The event was attended by 18,000 persons and shared live with a national television audience. The event was a celebration of the first anniversary of Mike Todd's film, Around the World in 80 Days. Todd reportedly paid nothing for the party, as CBS provided a production budget of $125,000, and numerous sponsors provided gifts and displays. When asked how much CBS had given him for the party, Todd said: "I wouldn't know. I'm an artist — I don't think in terms of money."

During the broadcast, Mike Todd's wife Elizabeth Taylor was given the responsibility to cut the first piece from a 30 by 14 foot birthday cake.

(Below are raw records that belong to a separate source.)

lemma lift_above_less:
  assumes "\<nexists>z::int. t = a + of_int z * pi"
  shows "lift_above a t < a + pi"
proof -
  let ?z = "\<lfloor>(a - t) / pi\<rfloor>"
  have "of_int ?z \<noteq> (a - t) / pi"
  proof
    assume h: "of_int ?z = (a - t) / pi"
    have "a - t = (a - t) / pi * pi" by simp
    also have "\<dots> = of_int ?z * pi" unfolding h ..
    finally have "t = a + of_int (- ?z) * pi" by simp
    then show False using assms by blast
  qed
  then have "of_int ?z < (a - t) / pi" by linarith
  then have "pi * of_int ?z < a - t" by (simp add: field_simps)
  then show ?thesis unfolding lift_above_def by (simp add: algebra_simps)
qed

lemma lift_above_cong: "\<exists>z::int. lift_above a t = t + of_int z * pi"
  unfolding lift_above_def by (rule exI[of _ "\<lfloor>(a - t) / pi\<rfloor> + 1"]) (simp add: algebra_simps)

section \<open>Enumerating the intervals of constancy\<close>

text \<open>A state \<open>(m, False)\<close> stands for the interval on which \<open>\<xi>\<close> runs through
  \<open>(x\<^sub>m\<^sub>-\<^sub>1, x\<^sub>m)\<close> (through \<open>(0, x\<^sub>0)\<close> if \<open>m = 0\<close>), a state \<open>(m, True)\<close> for the interval on which
  \<open>\<xi>\<close> rests at \<open>x\<^sub>m\<^sub>-\<^sub>1\<close>. The latter has length \<open>\<upsilon>\<^sub>m\<^sub>-\<^sub>1\<close> and is skipped when this vanishes.\<close>

fun next_interval :: "(nat \<Rightarrow> real) \<Rightarrow> nat \<times> bool \<Rightarrow> nat \<times> bool" where
  "next_interval v (m, True) = (m, False)"
| "next_interval v (m, False) = (Suc m, 0 < v m)"

definition interval_seq :: "(nat \<Rightarrow> real) \<Rightarrow> nat \<Rightarrow> nat \<times> bool" where
  "interval_seq v n = (next_interval v ^^ n) (0, False)"
lemma scaleC_cancel_right:
  fixes x :: "'a::complex_normed_vector"
  assumes "x \<noteq> 0"
  shows "a *\<^sub>C x = b *\<^sub>C x \<longleftrightarrow> a = b"
proof
  assume "a *\<^sub>C x = b *\<^sub>C x"
  then have "norm ((a - b) *\<^sub>C x) = 0" by (simp add: scaleC_diff_left)
  then show "a = b" using assms by (simp add: norm_scaleC)
qed simp

lemma bounded_linear_scaleC_left: "bounded_linear (\<lambda>c. c *\<^sub>C (x::'a::complex_normed_vector))"
proof (rule bounded_linear_intro)
  show "(b + c) *\<^sub>C x = b *\<^sub>C x + c *\<^sub>C x" for b c by (rule scaleC_add_left)
  show "(r *\<^sub>R c) *\<^sub>C x = r *\<^sub>R (c *\<^sub>C x)" for r c
    by (simp add: scaleR_conv_of_real scaleR_scaleC scaleC_scaleC)
  show "norm (c *\<^sub>C x) \<le> norm c * norm x" for c by (simp add: norm_scaleC)
qed

lemma bounded_clinear_add: "bounded_clinear f \<Longrightarrow> f (x + y) = f x + f y"
  unfolding bounded_clinear_def by simp

lemma bounded_clinear_scaleC: "bounded_clinear f \<Longrightarrow> f (c *\<^sub>C x) = c *\<^sub>C f x"
  unfolding bounded_clinear_def by simp

lemma bounded_clinear_imp_bounded_linear:
  assumes "bounded_clinear f"
  shows "bounded_linear f"
proof -
  obtain K where "\<And>x. norm (f x) \<le> norm x * K" using assms unfolding bounded_clinear_def by blast
  then show ?thesis
    using assms by (intro bounded_linear_intro) (auto simp: bounded_clinear_def scaleR_scaleC)
qed

lemma bounded_clinear_norm_le:
  assumes "bounded_clinear f" and "onorm f \<le> 1"
  shows "norm (f z) \<le> norm z"
proof -
  have "norm (f z) \<le> onorm f * norm z"
    by (rule onorm[OF bounded_clinear_imp_bounded_linear[OF assms(1)]])
  also have "\<dots> \<le> norm z" using mult_right_mono[OF assms(2), of "norm z"] by simp
  finally show ?thesis .
qed

lemma dual_to_onorm: "dual_to \<phi> x \<Longrightarrow> onorm \<phi> = norm x"
  unfolding dual_to_def
  using onorm_pos_le[OF bounded_clinear_imp_bounded_linear] by (metis norm_ge_zero power2_eq_iff_nonneg)

lemma contraction_semigroup_norm_le:
  "C0_contraction_semigroup T \<Longrightarrow> t \<ge> 0 \<Longrightarrow> norm (T t z) \<le> norm z"
  unfolding C0_contraction_semigroup_def by (blast intro: bounded_clinear_norm_le)

lemma has_vector_derivative_iff_tendsto:
  "(f has_vector_derivative f') (at x within S) \<longleftrightarrow>
     ((\<lambda>y. (1 / (y - x)) *\<^sub>R (f y - f x)) \<longlongrightarrow> f') (at x within S)"
proof -
  have "norm (f y - f x - (y - x) *\<^sub>R f') / norm (y - x) = norm ((1 / (y - x)) *\<^sub>R (f y - f x) - f')"
    if "y \<noteq> x" for y
  proof -
    have "(1 / (y - x)) *\<^sub>R (f y - f x) - f' = (1 / (y - x)) *\<^sub>R (f y - f x - (y - x) *\<^sub>R f')"
      using that by (simp add: scaleR_diff_right)
    then show ?thesis by simp
  qed
  then have "((\<lambda>y. norm (f y - f x - (y - x) *\<^sub>R f') / norm (y - x)) \<longlongrightarrow> 0) (at x within S) \<longleftrightarrow>
      ((\<lambda>y. norm ((1 / (y - x)) *\<^sub>R (f y - f x) - f')) \<longlongrightarrow> 0) (at x within S)"
    by (intro filterlim_cong refl) (auto simp: eventually_at_filter)
  then show ?thesis
    unfolding has_vector_derivative_def has_derivative_iff_norm tendsto_norm_zero_iff
    by (simp add: bounded_linear_scaleR_left LIM_zero_iff)
qed
lemma integral_mult_le_of_quadratic_majorant:
  fixes W A B C G e :: "'a \<Rightarrow> real"
  assumes "prob_space M" and sf: "sigma_finite_subalgebra M F"
    and e_M [measurable]: "e \<in> borel_measurable M" and [measurable]: "W \<in> borel_measurable M"
    and A_F: "A \<in> borel_measurable F" and B_F: "B \<in> borel_measurable F"
    and C_F: "C \<in> borel_measurable F" and G_F: "G \<in> borel_measurable F"
    and e_bdd: "AE x in M. \<bar>e x\<bar> \<le> K"
    and e_mds: "AE x in M. real_cond_exp M F e x = 0"
    and e_var: "AE x in M. real_cond_exp M F (\<lambda>x. (e x)\<^sup>2) x = s2"
    and bdd: "\<And>x. \<bar>W x\<bar> \<le> w" "\<And>x. \<bar>A x\<bar> \<le> a" "\<And>x. \<bar>B x\<bar> \<le> b" "\<And>x. \<bar>C x\<bar> \<le> c"
      "\<And>x. \<bar>G x\<bar> \<le> g"
    and G_nonneg: "\<And>x. 0 \<le> G x"
    and majorant: "AE x in M. W x \<le> A x + B x * e x + C x * (e x)\<^sup>2"
    and mean_le: "\<And>x. A x + C x * s2 \<le> \<rho>"
  shows "(\<integral>x. G x * W x \<partial>M) \<le> \<rho> * (\<integral>x. G x \<partial>M)"
proof -
  interpret prob_space M by fact
  have subalg: "subalgebra M F"
    using sf by (simp add: sigma_finite_subalgebra_def)
  have GA_F: "(\<lambda>x. G x * A x) \<in> borel_measurable F" and GB_F: "(\<lambda>x. G x * B x) \<in> borel_measurable F"
    and GC_F: "(\<lambda>x. G x * C x) \<in> borel_measurable F"
    using A_F B_F C_F G_F by measurable
  note [measurable] = measurable_from_subalg[OF subalg GA_F] measurable_from_subalg[OF subalg GC_F]
    measurable_from_subalg[OF subalg G_F]
  have int_GA: "integrable M (\<lambda>x. G x * A x)"
    by (rule integrable_const_bound[where B = "g * a"]) (auto intro!: AE_I2 abs_mult_le_of_abs_le bdd)
  have int_GC: "integrable M (\<lambda>x. G x * C x)"
    by (rule integrable_const_bound[where B = "g * c"]) (auto intro!: AE_I2 abs_mult_le_of_abs_le bdd)
  have int_GW: "integrable M (\<lambda>x. G x * W x)"
    by (rule integrable_const_bound[where B = "g * w"]) (auto intro!: AE_I2 abs_mult_le_of_abs_le bdd)
  note quadratic = integral_quadratic_in_innovation[OF assms(1) sf e_M GB_F GC_F e_bdd e_mds e_var int_GA
      abs_mult_le_of_abs_le[OF bdd(5,3)] abs_mult_le_of_abs_le[OF bdd(5,4)]]
  have "AE x in M. G x * W x \<le> G x * A x + G x * B x * e x + G x * C x * (e x)\<^sup>2"
    using majorant
  proof eventually_elim
    case (elim x)
    then have "G x * W x \<le> G x * (A x + B x * e x + C x * (e x)\<^sup>2)"
      by (rule mult_left_mono[OF _ G_nonneg])
    then show ?case
      by (simp add: algebra_simps)
  qed
  then have "(\<integral>x. G x * W x \<partial>M) \<le> (\<integral>x. G x * A x + G x * B x * e x + G x * C x * (e x)\<^sup>2 \<partial>M)"
    using int_GW quadratic(1) by (intro integral_mono_AE)
  also have "\<dots> = (\<integral>x. G x * A x + G x * C x * s2 \<partial>M)"
    using quadratic(2) by simp
  also have "\<dots> \<le> (\<integral>x. G x * \<rho> \<partial>M)"
  proof (rule integral_mono)
    show "G x * A x + G x * C x * s2 \<le> G x * \<rho>" for x
      using mult_left_mono[OF mean_le G_nonneg, of x] by (simp add: algebra_simps)
    show "integrable M (\<lambda>x. G x * A x + G x * C x * s2)"
      using int_GA int_GC by simp
    show "integrable M (\<lambda>x. G x * \<rho>)"
      by (rule integrable_const_bound[where B = "g * \<bar>\<rho>\<bar>"]) (auto intro!: AE_I2 abs_mult_le_of_abs_le bdd)
  qed
  finally show ?thesis
    by (simp add: mult.commute)
qed
(* Let $\lambda\in(0,1)$ and $T\ge0$. Then $$\|\tilde V^1_\lambda-\tilde V^1_{\lambda,T+1}\|_{\sup}\le(1-\lambda)\|\tilde V^1_\lambda-\tilde V^1_{\lambda,T}\|_{\sup},\qquad \|\tilde V^2_\lambda-\tilde V^2_{\lambda,T+1}\|_{\sup}\le(1-\lambda)\|\tilde V^2_\lambda-\tilde V^2_{\lambda,T}\|_{\sup}.$$
   Context: Setting: nonempty finite type sets $K,L$, action sets $A,B$, payoff $M:K\times L\times A\times B\to\mathbb R$; players choose actions simultaneously each stage, actions are publicly announced, strategies may depend on own type and both action histories. Discounted type-1 dual game $\tilde\Gamma^1_\lambda(\mu,q)$ ($\mu\in\mathbb R^{|K|}$, $q\in\Delta(L)$): player 1 chooses his own type $k$ (by a distribution of his choice, unknown to player 2), nature draws $l\sim q$ and tells only player 2, infinitely many stages are played, and player 1 (maximizer) receives $\mathbb E[\mu^k+\sum_{t\ge1}\lambda(1-\lambda)^{t-1}M(k,l,a_t,b_t)]$; value $\tilde V^1_\lambda(\mu,q)$. Discounted type-2 dual game $\tilde\Gamma^2_\lambda(p,\nu)$ ($p\in\Delta(K)$, $\nu\in\mathbb R^{|L|}$): $k\sim p$ drawn by nature and told to player 1, player 2 chooses $l$ himself, payoff $\mathbb E[\nu^l+\sum_{t\ge1}\lambda(1-\lambda)^{t-1}M]$; value $\tilde V^2_\lambda(p,\nu)$. The truncated versions $\tilde\Gamma^1_{\lambda,T},\tilde\Gamma^2_{\lambda,T}$ are the same games with the sum over $t=1,\dots,T$ only; values $\tilde V^1_{\lambda,T}(\mu,q)$, $\tilde V^2_{\lambda,T}(p,\nu)$, with $\tilde V^1_{\lambda,0}(\mu,q)=\max_k\mu^k$ and $\tilde V^2_{\lambda,0}(p,\nu)=\min_l\nu^l$. $\|f\|_{\sup}=\sup_{x}|f(x)|$ over the domain ($\mathbb R^{|K|}\times\Delta(L)$, resp. $\Delta(K)\times\mathbb R^{|L|}$). *)

theory Defs
  imports "HOL-Probability.Probability_Mass_Function"
begin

Guests appearing at the special included Frank Sinatra, Maurice Chevalier, Charles Boyer, Hubert Humphrey, Elsa Maxwell, Ginger Rogers, George Jessel, Hedda Hopper, Tony Curtis, Cedric Hardwicke, James Mason, Joe E. Lewis, Fernandel, and Janet Leigh.

==Reception==
The program was aired at the same time as Hallmark Hall of Fames acclaimed presentation of The Green Pastures on the NBC network. Around the World in Ninety Minutes received a Trendex rating of 34.5, trouncing The Green Pastures which received a rating of 12.5.

Variety wrote that the event was filled with contagious disorganization, though the mishaps provided "a welcome relief from the myriad of dancers, parading extras, bagpipers, horses, elephants, horses, dancers and horses." Time magazine called it "mass gaucherie".